Expand our presence in your professional homes by conducting visits to reach every mayoral and non-mayoral agency in the city

Improve our ability to use technology to communicate more effectively with you

Interact more with agency leaders for better resolution of managerial concerns regarding salary compression and other matters.

Actively pursue reliable funding to support and motivate membership participation in MEA.

Market our Association through additional channels of print, radio and possibly television media

As long as each of you continues to step forward to help us get over the hill with the heavy load, we will say: “We know we can! We know we can!

Around the Town

So far this year we have visited various city agencies. Each location welcomed us with professional hospitality. In the coming months, we will meet with managers at the Department of Buildings, Department of Citywide Administrative Services (DCAS), Health and Hospitals Corporation (HHC), Administration for Children’s Services and on and on, until we have reached out to managers from every agency. The attached table reflects the number of managers existing within your agency who are members of the MEA. While you are waiting for us to meet with you, we encourage to strongly think about the benefits of remaining an MEA member and recruiting new members to strengthen our unity.



Preparing for Success

If you are currently functioning in the role of Administrative Engineer you will be pleased to know that the MEA will conduct at least four weeks of test prep sessions for the Administrative Engineer civil service exam.
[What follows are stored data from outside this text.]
(* Let $r\ge 1$ and $t\ge 3$ be integers and $n=r(t-1)+2$. Then $q(K_1\nabla L_{r,t-1})<n+2t-3$.
   Context: All graphs are finite and simple. $q(G)$ denotes the largest eigenvalue of the signless Laplacian matrix $Q(G)=D(G)+A(G)$ of $G$. For graphs $G,H$ on disjoint vertex sets, $G\nabla H$ is their join (all edges between $V(G)$ and $V(H)$ added), and $rK_s$ denotes the disjoint union of $r$ copies of $K_s$. $L_{r,s}=K_1\nabla rK_s$, i.e. $r$ copies of $K_{s+1}$ sharing exactly one common vertex. Thus $K_1\nabla L_{r,t-1}$ has $r(t-1)+2=n$ vertices. *)

theory Defs
  imports Complex_Main
begin

record 'a graph =
  verts :: "'a set"
  adj :: "'a \<Rightarrow> 'a \<Rightarrow> bool"

definition simple_graph :: "'a graph \<Rightarrow> bool" where
  "simple_graph G \<longleftrightarrow> finite (verts G) \<and>
     (\<forall>u v. adj G u v \<longrightarrow> u \<in> verts G \<and> v \<in> verts G) \<and>
     (\<forall>u v. adj G u v \<longrightarrow> adj G v u) \<and> (\<forall>u. \<not> adj G u u)"

definition degree :: "'a graph \<Rightarrow> 'a \<Rightarrow> nat" where
  "degree G u = card {v \<in> verts G. adj G u v}"

definition signless_laplacian :: "'a graph \<Rightarrow> 'a \<Rightarrow> 'a \<Rightarrow> real" where
  "signless_laplacian G u v =
     (if u = v then real (degree G u) else 0) + (if adj G u v then 1 else 0)"

definition is_eigenvalue :: "'a set \<Rightarrow> ('a \<Rightarrow> 'a \<Rightarrow> real) \<Rightarrow> real \<Rightarrow> bool" where
  "is_eigenvalue V M c \<longleftrightarrow> (\<exists>x :: 'a \<Rightarrow> real. (\<exists>v\<in>V. x v \<noteq> 0) \<and>
      (\<forall>u\<in>V. (\<Sum>v\<in>V. M u v * x v) = c * x u))"

definition q :: "'a graph \<Rightarrow> real" where
  "q G = Max {c. is_eigenvalue (verts G) (signless_laplacian G) c}"

definition join :: "'a graph \<Rightarrow> 'b graph \<Rightarrow> ('a + 'b) graph" where
  "join G H = \<lparr> verts = Inl ` verts G \<union> Inr ` verts H,
     adj = (\<lambda>x y. case (x, y) of
        (Inl a, Inl b) \<Rightarrow> adj G a b
      | (Inr a, Inr b) \<Rightarrow> adj H a b
      | (Inl a, Inr b) \<Rightarrow> a \<in> verts G \<and> b \<in> verts H
      | (Inr a, Inl b) \<Rightarrow> a \<in> verts H \<and> b \<in> verts G) \<rparr>"

definition K1 :: "unit graph" where
  "K1 = \<lparr> verts = {()}, adj = (\<lambda>_ _. False) \<rparr>"

text \<open>rK_s: r disjoint copies of K_s; vertex (i,j) is vertex j of copy i.\<close>
definition copies_K :: "nat \<Rightarrow> nat \<Rightarrow> (nat \<times> nat) graph" where
  "copies_K r s = \<lparr> verts = {..<r} \<times> {..<s},
     adj = (\<lambda>(i, j) (i', j'). i < r \<and> i' < r \<and> j < s \<and> j' < s \<and> i = i' \<and> j \<noteq> j') \<rparr>"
This service will only be provided to MEA members. We have established the first session to begin on May 11th, with the last session ending on June 9th. Tentatively we are contemplating adding two additional sessions for June 15th and June 16th. Please pay special attention to your agency bulletin boards, e-mail and the MEA webpage and hotline for more specific details.

In conclusion, I encourage each of you to continue supporting each other and bringing your concerns to the table with the NYC MEA. “If you are not at the table, then you are on the menu”.